Designing Rovo’s Character
My experience with model design and behavioral evals at Atlassian.
2025 - Present
Context
Rovo is an AI assistant built into Jira and Confluence, also available standalone on web and mobile. It uses all the information a company stores across connected apps, allowing people to find what they’re looking for instantly, answer questions in a chat, write and summarize content, and handle repetitive tasks using agents.
I’d worked on Rovo for a long time, primarily focused on content-related growth experiments aimed at helping users discover and adopt chat and search, and connect more third-party apps (without those connections, Rovo wasn’t terribly useful).
By summer of 2025, Rovo was pretty fast, accurate, and visually polished. We were out to the races launching more connectors, agents, and the mobile and desktop apps. However, we had largely ignored how Rovo spoke and acted. Like a beautiful person with a boring personality, talking to Rovo just wasn’t as enjoyable as one would hope.
Problems
Too many words: Rovo gave long, rambling answers that barely fit in the chic little floating modal our design team meticulously crafted. So users got tired of scrolling and simply gave up.
One voice for every job: Rovo spoke the same way everywhere. It didn't understand that someone using Jira is trying to finish a task, while someone in Confluence is trying to tell a story or learn something new.
No personality: Authentic, I suppose, but Rovo truly spoke like a machine. It didn't need to be a poet, but its voice was flat and robotic. It lacked the rhythm and warmth that makes a conversation feel natural.
Our goals
We had no way to measure if a conversation was "good" or "bad." A small team of content designers stepped in to fix this. Like soul to skin, we believed that Rovo’s character is just as important as its UI and performance. If we didn't give Rovo a personality now, it would only get harder and more expensive to fix later as the system scaled.
Evaluation framework
I built our first eval to test how Rovo speaks. Other teams were measuring accuracy. The only thing I cared about if the conversation felt right. I graded Rovo on a scale of 1 to 5 across four types of work:
Quick questions: Simple, one-turn asks.
Getting things done: Following commands to finish a task.
Big projects: Planning work that takes many steps.
Confusing requests: Handling prompts where the user’s goal isn't clear.
The goal was to see if Rovo could be helpful and human without losing its way.
Methodology
The process was slow but simple. And it proved to leadership that Rovo’s character was worth the investment, which set us up for running more complex and automated evals.
We followed a simple loop:
Pick a task: Choose a specific scenario, like planning a project.
Talk to Rovo: Run a conversation for 3 to 5 turns.
Score the results: Grade against our evaluation criteria. Jot notes.
Find patterns: Spot where Rovo thrived and where it failed.
Tweak system prompt: Rewrite Rovo’s constitution, so to speak.
Compare: Put two versions side-by-side to see which felt closer to target.
To speed things up, I built a "Character Lab" in Replit. It was a simple tool that let other teams play with Rovo’s multiple personalities, and edit the system prompts to see how small edits created ripple voice shifts in real-time.
Outcomes
This work fundamentally changed how we think about AI experiences at Atlassian. While Rovo’s character is still and always be a work in progress, we achieved four main things:
A shared yardstick: We finally agreed on what a "good" conversation looks like.

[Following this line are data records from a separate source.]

(* Let $\mathcal{M}=\{(x,y,z):x^2+y^2=1\}$ be the cylinder in $\mathbb{R}^3$ and let $G\to G'$ be a vertex-to-$K_4$ move. If $G$ is generically infinitesimally rigid on $\mathcal{M}$, then $G'$ is generically infinitesimally rigid on $\mathcal{M}$ (that is, the vertex-to-$K_4$ move on the cylinder preserves generic infinitesimal rigidity).
   Context: Vertex-to-$K_4$ move: replace a vertex $v$ of a simple graph by a copy of $K_4$ on four new vertices, each edge $xv$ being replaced by $xw$ for some arbitrarily chosen vertex $w$ of the $K_4$. For a framework $(G,p)$ on $\mathcal{M}$ ($p=(p_1,\dots,p_n)\in\mathcal{M}^n$), the rigidity matrix $R_{\mathcal{M}}(G,p)$ is the $(|E|+|V|)\times 3|V|$ matrix whose row for edge $v_iv_j$ has $p_i-p_j$ in the column triple of $v_i$ and $p_j-p_i$ in that of $v_j$, and whose row for vertex $v_i$ has the normal $N(p_i)=(2x_i,2y_i,0)$ in the triple of $v_i$; its kernel is the space of infinitesimal flexes. Rigid motion flexes are those induced by infinitesimal isometries of $\mathbb{R}^3$ tangential to $\mathcal{M}$ everywhere; $(G,p)$ is infinitesimally rigid if every infinitesimal flex is a rigid motion flex. $(G,p)$ is generic if any rational-coefficient polynomial in the coordinates vanishing at $p$ lies in the ideal generated by $X_i^2+Y_i^2-1$. A graph is generically infinitesimally rigid on $\mathcal{M}$ if its generic frameworks on $\mathcal{M}$ are infinitesimally rigid. *)

theory Defs
  imports "HOL-Analysis.Analysis"
begin

definition simple_graph :: "'a set \<Rightarrow> 'a set set \<Rightarrow> bool" where
  "simple_graph V E \<longleftrightarrow> finite V \<and>
     (\<forall>e\<in>E. \<exists>x y. x \<noteq> y \<and> x \<in> V \<and> y \<in> V \<and> e = {x, y})"

definition vertex_to_K4 ::
  "'a set \<Rightarrow> 'a set set \<Rightarrow> 'a set \<Rightarrow> 'a set set \<Rightarrow> bool" where
  "vertex_to_K4 V E V' E' \<longleftrightarrow>
     (\<exists>v w1 w2 w3 w4 c. v \<in> V \<and>
        distinct [w1, w2, w3, w4] \<and> {w1, w2, w3, w4} \<inter> V = {} \<and>
        (\<forall>x. {x, v} \<in> E \<longrightarrow> c x \<in> {w1, w2, w3, w4}) \<and>
        V' = (V - {v}) \<union> {w1, w2, w3, w4} \<and>
        E' = {e \<in> E. v \<notin> e}
             \<union> {{x, c x} | x. {x, v} \<in> E}
             \<union> {{a, b} | a b. a \<in> {w1, w2, w3, w4} \<and> b \<in> {w1, w2, w3, w4} \<and> a \<noteq> b})"

definition on_cyl :: "real^3 \<Rightarrow> bool" where
  "on_cyl q \<longleftrightarrow> (q $ 1)\<^sup>2 + (q $ 2)\<^sup>2 = 1"

definition cyl_normal :: "real^3 \<Rightarrow> real^3" where
  "cyl_normal q = vector [2 * q $ 1, 2 * q $ 2, 0]"

definition framework_on_cyl :: "'a set \<Rightarrow> ('a \<Rightarrow> real^3) \<Rightarrow> bool" where
  "framework_on_cyl V p \<longleftrightarrow> (\<forall>v\<in>V. on_cyl (p v))"

definition inf_flex :: "'a set \<Rightarrow> 'a set set \<Rightarrow> ('a \<Rightarrow> real^3) \<Rightarrow> ('a \<Rightarrow> real^3) \<Rightarrow> bool" where
  "inf_flex V E p u \<longleftrightarrow>
     (\<forall>x y. {x, y} \<in> E \<longrightarrow> (p x - p y) \<bullet> (u x - u y) = 0) \<and>
     (\<forall>x\<in>V. cyl_normal (p x) \<bullet> u x = 0)"

definition tangential_inf_isometry :: "real^3^3 \<Rightarrow> real^3 \<Rightarrow> bool" where
  "tangential_inf_isometry A b \<longleftrightarrow> transpose A = - A \<and>
     (\<forall>q. on_cyl q \<longrightarrow> cyl_normal q \<bullet> (A *v q + b) = 0)"

definition rigid_motion_flex :: "'a set \<Rightarrow> ('a \<Rightarrow> real^3) \<Rightarrow> ('a \<Rightarrow> real^3) \<Rightarrow> bool" where
  "rigid_motion_flex V p u \<longleftrightarrow>
     (\<exists>A b. tangential_inf_isometry A b \<and> (\<forall>x\<in>V. u x = A *v p x + b))"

A repeatable path: We have a clear way to test and improve how the bot speaks.
Better foresight: We can now see how small changes in rules affect behavior.
A solid foundation: We created a baseline to eventually let the system grade itself.
The "Character Lab" started as a prototype, but it became the best way to demonstrate to leadership why character matters. It also started a bigger conversation: how can we let users eventually choose their own version of Rovo?
Next steps
My new mission is to help Rovo naturally adapt to the person using it, not just its environment; and allow users to explicitly set their preferences, for example, in some sort of customer-facing version of my original character lab.
Every user is different: some want a brief answer, others want every detail. Some trust the AI right away, while others need to see the receipts.
I am now leading the work to build a system that:
Reads the room: Understands a user’s mood and style by how they interact.
Changes its shape: Gives short answers or long explanations depending on what the user needs in the moment.
Stays safe: Honors the essential guardrails, no matter how much its voice changes per inferred or explicit personalization.